Temperley noted that while people often associate caroling with random groups of singers, bundled up in coats, hats and scarves, vocalizing outside homes, that's not the modus operandi for the Temperley Singers. From the start, their stops - usually three to five a night for a few nights before Christmas Eve - have been pre-arranged, and they're always invited inside the hosts' homes.
Following the group's a cappella performances, they're invited to socialize and share refreshments with the hosts and their guests.
It's not unusual, he said, for hosts to plan a party around the appearance and invite several friends, neighbors and family members of all ages. In his book, Temperley credits Eleanor Blum, John and Eva Gray, Don and Peggy Henderson, Dick and Margot Jerrard, Howard and Jean Osborn, Bill and Esther Sleator, and Victor and Susan Stone among the singers' "most faithful hosts."
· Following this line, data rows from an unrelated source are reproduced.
(* Let $L$ be an infinite set and let $Q$ be either the edgeless cube $Q_L$ or the edged cube $\bar Q_L$. The quotient $\mathrm{UC}_L=\mathrm{uc}_L/{\sim}$, with the operation induced by concatenation, is a group containing $G_L$ (the finite basic sequences modulo $\sim$) as a subgroup. Furthermore, every element of $\mathrm{UC}_L$ has order at most $\operatorname{lcm}\{\text{order of }\pi:\pi\in S_{24}\}$.
   Context: Let $L$ be an infinite set, $-L=\{-r:r\in L\}$ a disjoint copy of $L$, and $0$ a new element; $L^\dagger=-L\cup\{0\}\cup L$ with $-(-r)=r$, $-0=0$. Adjoin $\pm\infty$ with $-(+\infty)=-\infty$ and set $\bar L^\dagger=L^\dagger\cup\{\pm\infty\}$. Points of $U=(\bar L^\dagger)^3$ have coordinates $x,y,z$. The edgeless cube $Q_L$ is the set of points of $U$ with exactly one coordinate in $\{\pm\infty\}$ (cells). The edged cube $\bar Q_L$ is the set of cells $(p,i)$ with $p\in U$, $i\in\{x,y,z\}$, $p_i\in\{\pm\infty\}$ ($i$ marks the face). For $i\in\{x,y,z\}$, $\alpha\in\bar L^\dagger$, the quarter-turn twist $T_{i,\alpha}$ is the permutation of cells fixing every cell whose point $p$ has $p_i\ne\alpha$ and acting on the others by $T_{x,\alpha}(\alpha,y,z)=(\alpha,-z,y)$, $T_{y,\alpha}(x,\alpha,z)=(z,\alpha,-x)$, $T_{z,\alpha}(x,y,\alpha)=(-y,x,\alpha)$ (in $\bar Q_L$ the marked coordinate is carried along by the rotation). Basic twists are $T,T^2,T^3$ for quarter-turn twists $T$. A basic sequence is a sequence $\langle\sigma_\eta:\eta<\theta\rangle$ of basic twists of ordinal length $\theta$. A labelling is a map $f$ from cells to $X\cup\{\mathrm{NaC}\}$ for a set $X\not\ni\mathrm{NaC}$; it is legal if it never takes value NaC; a configuration is a labelling with $X$ the six colors red, white, green, orange, yellow, blue. A twist $\sigma$ acts by $(\sigma f)(c)=f(\sigma^{-1}c)$. Applying $\vec\sigma=\langle\sigma_\eta:\eta<\theta\rangle$ to $f_0$ produces $f_{\eta+1}=\sigma_\eta f_\eta$, and for limit $\lambda\le\theta$, $f_\lambda(c)$ is the eventually constant value of $f_\eta(c)$ ($\eta<\lambda$) if it exists and NaC otherwise; the terminal labelling is $\vec\sigma f_0$. $\vec\sigma$ is universally convergent if $\vec\sigma\,\mathrm{id}$ is legal, where $\mathrm{id}$ labels each cell by itself. $\vec\sigma\sim\vec\tau$ means $\vec\sigma f=\vec\tau f$ for every configuration $f$. $\mathrm{uc}_L$ is the set of universally convergent basic sequences with concatenation ($\vec\tau\vec\sigma$ means $\vec\sigma$ followed by $\vec\tau$), and $G_L$ is the set of finite basic sequences modulo $\sim$. *)

theory Defs
  imports Main "HOL-Algebra.Multiplicative_Group" "HOL-Combinatorics.Permutations"
begin

section \<open>Coordinates: the set L-dagger-bar, with L given as a type 'a\<close>

datatype 'a ext = Neg 'a | Zero | Pos 'a | NInf | PInf

fun eneg :: "'a ext \<Rightarrow> 'a ext" where
  "eneg (Neg r) = Pos r"
| "eneg (Pos r) = Neg r"
| "eneg Zero = Zero"
| "eneg NInf = PInf"
| "eneg PInf = NInf"

definition is_inf :: "'a ext \<Rightarrow> bool" where
  "is_inf a \<longleftrightarrow> a = NInf \<or> a = PInf"

datatype axis = AX | AY | AZ

type_synonym 'a point = "'a ext \<times> 'a ext \<times> 'a ext"

fun coord :: "'a point \<Rightarrow> axis \<Rightarrow> 'a ext" where
  "coord (x, y, z) AX = x"
| "coord (x, y, z) AY = y"
| "coord (x, y, z) AZ = z"

fun qturn_pt :: "axis \<Rightarrow> 'a ext \<Rightarrow> 'a point \<Rightarrow> 'a point" where
  "qturn_pt AX \<alpha> (x, y, z) = (if x \<noteq> \<alpha> then (x, y, z) else (\<alpha>, eneg z, y))"
| "qturn_pt AY \<alpha> (x, y, z) = (if y \<noteq> \<alpha> then (x, y, z) else (z, \<alpha>, eneg x))"
| "qturn_pt AZ \<alpha> (x, y, z) = (if z \<noteq> \<alpha> then (x, y, z) else (eneg y, x, \<alpha>))"

text \<open>How the rotation about axis i moves a marked coordinate axis j.\<close>
fun carry_axis :: "axis \<Rightarrow> axis \<Rightarrow> axis" where
  "carry_axis AX AX = AX" | "carry_axis AX AY = AZ" | "carry_axis AX AZ = AY"
| "carry_axis AY AX = AZ" | "carry_axis AY AY = AY" | "carry_axis AY AZ = AX"
| "carry_axis AZ AX = AY" | "carry_axis AZ AY = AX" | "carry_axis AZ AZ = AZ"

text \<open>Quarter-turn twist acting on edged cells (p,j): the marked coordinate is carried along.\<close>
definition qturn_edged :: "axis \<Rightarrow> 'a ext \<Rightarrow> 'a point \<times> axis \<Rightarrow> 'a point \<times> axis" where
  "qturn_edged i \<alpha> c = (case c of (p, j) \<Rightarrow>
     (if coord p i \<noteq> \<alpha> then (p, j) else (qturn_pt i \<alpha> p, carry_axis i j)))"

definition edgeless_cells :: "'a point set" where
  "edgeless_cells = {p. card {i. is_inf (coord p i)} = 1}"

definition edged_cells :: "('a point \<times> axis) set" where
  "edged_cells = {(p, i). is_inf (coord p i)}"

text \<open>A twist (i, alpha, k) stands for (T_{i,alpha})^k; it is basic when k is 1, 2 or 3.
  The argument qt is the quarter-turn action of the cube under consideration.\<close>
type_synonym 'a twist = "axis \<times> 'a ext \<times> nat"

definition tw_perm :: "(axis \<Rightarrow> 'a ext \<Rightarrow> 'c \<Rightarrow> 'c) \<Rightarrow> 'a twist \<Rightarrow> 'c \<Rightarrow> 'c" where
  "tw_perm qt t = (case t of (i, \<alpha>, k) \<Rightarrow> (qt i \<alpha>) ^^ k)"

definition basic_twist :: "'a twist \<Rightarrow> bool" where
  "basic_twist t \<longleftrightarrow> (case t of (i, \<alpha>, k) \<Rightarrow> k \<in> {1, 2, 3})"

text \<open>A sequence of ordinal length: the ordinal is represented by a well-order r
  (on the index set Field r, a subset of the index type 'i), with entries s.\<close>
type_synonym ('i, 'a) bseq = "'i rel \<times> ('i \<Rightarrow> 'a twist)"

definition is_bseq :: "('i, 'a) bseq \<Rightarrow> bool" where
  "is_bseq sq \<longleftrightarrow> Well_order (fst sq) \<and> (\<forall>\<eta>\<in>Field (fst sq). basic_twist (snd sq \<eta>))"

text \<open>Labellings: None plays the role of NaC.\<close>
definition act :: "('c \<Rightarrow> 'c) \<Rightarrow> ('c \<Rightarrow> 'x option) \<Rightarrow> 'c \<Rightarrow> 'x option" where
  "act \<pi> f = (\<lambda>c. f (inv_into UNIV \<pi> c))"

text \<open>Stages of a run: Some eta is the stage just before applying the eta-th twist,
  None is the terminal stage theta.\<close>
definition stage_rel :: "'i rel \<Rightarrow> ('i option) rel" where
  "stage_rel r = {(Some a, Some b) | a b. (a, b) \<in> r \<and> a \<noteq> b} \<union> {(Some a, None) | a. a \<in> Field r}"

definition preds :: "'i rel \<Rightarrow> 'i option \<Rightarrow> 'i set" where
  "preds r \<eta> = {\<xi>. (Some \<xi>, \<eta>) \<in> stage_rel r}"

definition run_step :: "(axis \<Rightarrow> 'a ext \<Rightarrow> 'c \<Rightarrow> 'c) \<Rightarrow> ('i, 'a) bseq \<Rightarrow> ('c \<Rightarrow> 'x option)
    \<Rightarrow> ('i option \<Rightarrow> 'c \<Rightarrow> 'x option) \<Rightarrow> 'i option \<Rightarrow> 'c \<Rightarrow> 'x option" where
  "run_step qt sq f0 F \<eta> =
    (let r = fst sq; s = snd sq; P = preds r \<eta> in
     if P = {} then f0
     else if (\<exists>\<mu>\<in>P. \<forall>\<xi>\<in>P. (\<xi>, \<mu>) \<in> r) then
       (let \<mu> = (THE \<mu>. \<mu> \<in> P \<and> (\<forall>\<xi>\<in>P. (\<xi>, \<mu>) \<in> r)) in act (tw_perm qt (s \<mu>)) (F (Some \<mu>)))
     else (\<lambda>c. if (\<exists>\<xi>\<in>P. \<forall>\<zeta>\<in>P. (\<xi>, \<zeta>) \<in> r \<longrightarrow> F (Some \<zeta>) c = F (Some \<xi>) c)
               then F (Some (SOME \<xi>. \<xi> \<in> P \<and> (\<forall>\<zeta>\<in>P. (\<xi>, \<zeta>) \<in> r \<longrightarrow> F (Some \<zeta>) c = F (Some \<xi>) c))) c
               else None))"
Jean Osborn and her husband have been hosting the group almost every year since 1968. She said she likes to mix up the guest list from year to year to expose new audiences to the experience, which she characterized as having "a very pleasant and warm atmosphere."
"They come in and sing these nice songs - not all of which are familiar," she said. "There are always lots of children sitting and listening, with their eyes wide open."
Anne Robin, a staff physician at the university's McKinley Health Center and professor of family practice in the College of Medicine, was once one of the wee ones mesmerized by the music when her own parents, Gerald and Lois Brighton, hosted the singers.
The Brightons were among the group's original audiences in 1959. They began hosting the Temperley Singers again in 1994 and continued until four years ago, when Robin and her partner Nancy Melin took over as hosts.
"I remember the first time they came. It seemed magical to me - the whole Christmas thing, with the decorations, the special cookies," said Robin, who was an impressionable 8 year old, thrilled to be allowed to attend the "adult party" when the group sang for the first time in her home.
It was not unusual for the family to invite up to 30 guests into their home for the occasion.
"A musician needs an audience, and we were privileged to be that audience," Lois Brighton said.
Brighton and Robin both recall one infamous chapter in the family's hosting history when the audience included a surprise guest: Freddie, the family dachshund. Freddie apparently was so moved by the singing that he dashed out of the kitchen, positioned himself alongside the carolers and, according to Robin, "started singing tenor right along with them."
Laughter, fun and family memories aside, Robin's prime association with the experience is that the musicianship exhibited by the singers is second to none.
"This is a real performance - by excellent musicians singing interesting music in four-part and sometimes five-part harmony."
For his part, Temperley is a bit more humble about the group's abilities, referring to what they do as "amateur singing, not highly rehearsed or polished."
Either way you slice the figgy pudding, the experience has become a classic holiday tradition for generations of singers, party hosts and guests throughout the Champaign-Urbana area.
"I often have to drag people away (from the post-caroling socializing) to the next engagement," Temperley said. "Everyone has such a good time."